Ram Neta (left) is Associate Professor of Philosophy at the University of North Carolina at Chapel Hill. He has published dozens of articles on various topics in epistemology, including the nature and extent of our knowledge, the constraints that rationality imposes of on our states of confidence, the sorts of considerations that can serve as evidence for us, and how arguments for skepticism can come to seem compelling. He has also edited a number of recent and forthcoming volumes in epistemology. His current research focuses on understanding how epistemic constraints on an animal’s representational states can be determined by the essential properties of the species to which the animal belongs.
Course Syllabus
•Week One: How to Spot an Argument (and separate it from surrounding verbiage)
•Week Two: How to Untangle an Argument (or break it into parts and tell what different parts are doing)
•Week Three: How to Reconstruct an Argument (or arrange its parts to show how they are connected in a structure)
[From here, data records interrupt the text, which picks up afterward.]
(* Let $\mathcal G=(V,E)$ be a finite DAG in which every vertex has either $0$ or exactly $k$ parents, for a fixed $k\ge1$, and which has at least one vertex of depth one. Let $X$ be a BN with full support on $\mathcal G$ with states $\mathcal A$ whose non-trivial CPDs all coincide: for each $v\in V_p$ the parents are ordered as $(p_1(v),\dots,p_k(v))$ and there is a single kernel $Q:\mathcal A^k\times\mathcal A\to[0,1]$ with $\mathbb P(X_v=c\mid X_{p_1(v)}=a_1,\dots,X_{p_k(v)}=a_k)=Q(a_1,\dots,a_k;c)$ for all $v\in V_p$. Let $f:\mathcal A\to\mathcal B$ be a surjection and $U_v=f(X_v)$. Then (D3) holds if and only if for all $w,\tilde w\in\mathcal A^k$ with $f(w)=f(\tilde w)$ (coordinatewise) and all $b\in\mathcal B$, $\sum_{c\in f^{-1}(b)}Q(w;c)=\sum_{c\in f^{-1}(b)}Q(\tilde w;c)$.
   Context: $pa(v)$ parents; $V_s$ parentless vertices, $V_p=V\setminus V_s$; $depth(v)$ maximal number of edges of a directed path from a vertex of $V_s$ to $v$. A BN on $\mathcal G$ with states $\mathcal A$ (finite) is specified by distributions $\alpha_v$ on $\mathcal A$ for $v\in V_s$ and CPDs $P_v(\cdot\mid a_{pa(v)})$ for $v\in V_p$; law $\prod_{v\in V_s}\alpha_v(x_v)\prod_{v\in V_p}P_v(x_v\mid x_{pa(v)})$; full support: all $x\in\mathcal A^V$ have positive probability. $\mathbb P_{\tilde\alpha}$ is the law with the same CPDs and initial distribution $\tilde\alpha$. (D3): for every initial distribution $\tilde\alpha$, $(U_v)$ under $\mathbb P_{\tilde\alpha}$ factorises over $\mathcal G$ (law of form $\prod_vq_v(u_v\mid u_{pa(v)})$), and for every $v\in V_p$, $b_v$, $b_{pa(v)}$ the value $\mathbb P_{\tilde\alpha}(U_v=b_v\mid U_{pa(v)}=b_{pa(v)})$ is the same for all $\tilde\alpha$ with $\mathbb P_{\tilde\alpha}(U_{pa(v)}=b_{pa(v)})>0$. *)

theory Defs
  imports Complex_Main
begin

text \<open>A finite DAG on the finite vertex type 'v, given by an ordered parent list
  par v = (p_1(v), ..., p_k(v)); par v = [] means v is parentless (v in V_s).\<close>

definition parent_rel :: "('v \<Rightarrow> 'v list) \<Rightarrow> ('v \<times> 'v) set" where
  "parent_rel par = {(u, v). u \<in> set (par v)}"

definition is_dag :: "('v \<Rightarrow> 'v list) \<Rightarrow> bool" where
  "is_dag par \<longleftrightarrow> (\<forall>v. distinct (par v)) \<and> acyclic (parent_rel par)"

definition dpath :: "('v \<Rightarrow> 'v list) \<Rightarrow> 'v list \<Rightarrow> bool" where
  "dpath par xs \<longleftrightarrow> xs \<noteq> [] \<and> (\<forall>i. Suc i < length xs \<longrightarrow> xs ! i \<in> set (par (xs ! Suc i)))"

definition depth :: "('v \<Rightarrow> 'v list) \<Rightarrow> 'v \<Rightarrow> nat" where
  "depth par v = Max {length xs - 1 | xs. dpath par xs \<and> par (hd xs) = [] \<and> last xs = v}"

definition init_dist :: "('v \<Rightarrow> 'v list) \<Rightarrow> ('v \<Rightarrow> 'a::finite \<Rightarrow> real) \<Rightarrow> bool" where
  "init_dist par \<alpha> \<longleftrightarrow> (\<forall>v. par v = [] \<longrightarrow> (\<forall>a. 0 \<le> \<alpha> v a) \<and> sum (\<alpha> v) UNIV = 1)"

definition is_kernel :: "nat \<Rightarrow> ('a list \<Rightarrow> 'a::finite \<Rightarrow> real) \<Rightarrow> bool" where
  "is_kernel k Q \<longleftrightarrow> (\<forall>w. length w = k \<longrightarrow> (\<forall>c. 0 \<le> Q w c) \<and> sum (Q w) UNIV = 1)"

definition bn_joint :: "('v::finite \<Rightarrow> 'v list) \<Rightarrow> ('a list \<Rightarrow> 'a \<Rightarrow> real) \<Rightarrow> ('v \<Rightarrow> 'a \<Rightarrow> real)
    \<Rightarrow> ('v \<Rightarrow> 'a) \<Rightarrow> real" where
  "bn_joint par Q \<alpha> x = (\<Prod>v\<in>UNIV. if par v = [] then \<alpha> v (x v) else Q (map x (par v)) (x v))"

definition probU :: "('v::finite \<Rightarrow> 'v list) \<Rightarrow> ('a::finite list \<Rightarrow> 'a \<Rightarrow> real) \<Rightarrow> ('a \<Rightarrow> 'b)
    \<Rightarrow> ('v \<Rightarrow> 'a \<Rightarrow> real) \<Rightarrow> (('v \<Rightarrow> 'b) \<Rightarrow> bool) \<Rightarrow> real" where
  "probU par Q f \<alpha> E = (\<Sum>x\<in>{x. E (f \<circ> x)}. bn_joint par Q \<alpha> x)"

definition D3 :: "('v::finite \<Rightarrow> 'v list) \<Rightarrow> ('a::finite list \<Rightarrow> 'a \<Rightarrow> real) \<Rightarrow> ('a \<Rightarrow> 'b) \<Rightarrow> bool" where
  "D3 par Q f \<longleftrightarrow>
     (\<forall>\<alpha>. init_dist par \<alpha> \<longrightarrow>
        (\<exists>q :: 'v \<Rightarrow> 'b list \<Rightarrow> 'b \<Rightarrow> real.
           (\<forall>v bs. (\<forall>b. 0 \<le> q v bs b) \<and> sum (q v bs) UNIV = 1) \<and>
           (\<forall>u. probU par Q f \<alpha> (\<lambda>u'. u' = u) = (\<Prod>v\<in>UNIV. q v (map u (par v)) (u v)))))
   \<and> (\<forall>v bs b \<alpha>1 \<alpha>2. par v \<noteq> [] \<and> init_dist par \<alpha>1 \<and> init_dist par \<alpha>2
        \<and> probU par Q f \<alpha>1 (\<lambda>u. map u (par v) = bs) > 0
        \<and> probU par Q f \<alpha>2 (\<lambda>u. map u (par v) = bs) > 0
        \<longrightarrow> probU par Q f \<alpha>1 (\<lambda>u. u v = b \<and> map u (par v) = bs) / probU par Q f \<alpha>1 (\<lambda>u. map u (par v) = bs)
          = probU par Q f \<alpha>2 (\<lambda>u. u v = b \<and> map u (par v) = bs) / probU par Q f \<alpha>2 (\<lambda>u. map u (par v) = bs))"

end

theory Submission
  imports Defs "HOL-Library.FuncSet"
begin

text \<open>The joint law is a product of local factors, and a vertex that is a parent of no remaining
  vertex can be summed out of such a product, contributing the column sum of its factor. If the
  kernel is lumpable, summing out in this way the factors \<open>[f (X t) = u t] \<cdot> P(X t | X pa(t))\<close>
  shows that \<open>U\<close> factorises with the lumped kernel as its CPDs, and that
  \<open>P(U v = b | U pa(v) = bs)\<close> is the lumped kernel for every initial distribution.
  Conversely, all parents of a vertex of depth one are sources, so point-mass initial
  distributions put arbitrary parent configurations \<open>w\<close>, \<open>w'\<close> with \<open>f w = f w'\<close> at the parents
  with probability one; the invariance in (D3) then equates the fibre sums of \<open>Q w\<close> and \<open>Q w'\<close>.\<close>

section \<open>Sums of products of local factors over a DAG\<close>

definition local_factors :: "('v \<Rightarrow> 'v list) \<Rightarrow> ('v \<Rightarrow> ('v \<Rightarrow> 'a) \<Rightarrow> real) \<Rightarrow> bool" where
  "local_factors par g \<longleftrightarrow> (\<forall>t x y. (\<forall>s\<in>insert t (set (par t)). x s = y s) \<longrightarrow> g t x = g t y)"

definition parent_closed :: "('v \<Rightarrow> 'v list) \<Rightarrow> 'v set \<Rightarrow> bool" where
  "parent_closed par S \<longleftrightarrow> (\<forall>t\<in>S. set (par t) \<subseteq> S)"

lemma acyclic_not_parent_self:
  assumes "acyclic (parent_rel par)"
  shows "v \<notin> set (par v)"
  using assms unfolding acyclic_def parent_rel_def by blast

lemma acyclic_obtain_sink:
  fixes par :: "'v::finite \<Rightarrow> 'v list"
  assumes "acyclic (parent_rel par)" "S \<noteq> {}"
  obtains w where "w \<in> S" "\<forall>t\<in>S. w \<notin> set (par t)"
proof -
  have "wf ((parent_rel par)\<inverse>)"
    using finite_acyclic_wf_converse[OF finite_subset[OF subset_UNIV finite_UNIV] assms(1)] .
  then obtain w where "w \<in> S" "\<forall>y. (y, w) \<in> (parent_rel par)\<inverse> \<longrightarrow> y \<notin> S"
    using assms(2) unfolding wf_eq_minimal by blast
  then show ?thesis using that unfolding parent_rel_def by auto
qed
•Week Four: How to Evaluate an Argument Deductively (or determine whether its conclusion follows validly from its premises) – Part 1: Propositional Logic
•Week Five: How to Evaluate an Argument Deductively (or determine whether its conclusion follows validly from its premises) – Part 2: Quantificational Logic
•Week Six: How to Evaluate an Argument Inductively (or assess whether its premises provide enough reason to believe its conclusion) – Part 1: Statistical Generalization and Application
•Week Seven: How to Evaluate an Argument Inductively (or assess whether its premises provide enough reason to believe its conclusion) – Part 2: Causal Reasoning
•Week Eight: How to Evaluate an Argument Inductively (or assess whether its premises provide enough reason to believe its conclusion) – Part 3: Probability
•Week Nine: How to Evaluate an Argument Inductively (or assess whether its premises provide enough reason to believe its conclusion) – Part 4: Decisions
•Week Ten: How to Mess Up an Argument (or commit common but tempting fallacies) – Part 1: Vagueness and Ambiguity
•Week Eleven: How to Mess Up an Argument (or commit common but tempting fallacies) – Part 2: Irrelevance
•Week Twelve: How to Mess Up an Argument (or commit common but tempting fallacies) – Part 3: Vacuity
Recommended Background
This material is appropriate for introductory college students or advanced high school students—or, indeed, anyone who is interested. No special background is required other than knowledge of English.
Suggested Readings
Students who want more detailed explanations or additional exercises or who want to explore these topics in more depth should consult Understanding Arguments: An Introduction to Informal Logic. The text is also available in an e-book format.
FAQ
•Will I get a certificate after completing this class?
Yes. Students who successfully complete the class will receive a certificate signed by the instructor.
•What resources will I need for this class?
Only a working computer and internet connection.
•What is the coolest thing I'll learn if I take this class?
Nasty names (equivocator!) to call people who try to fool you with bad arguments.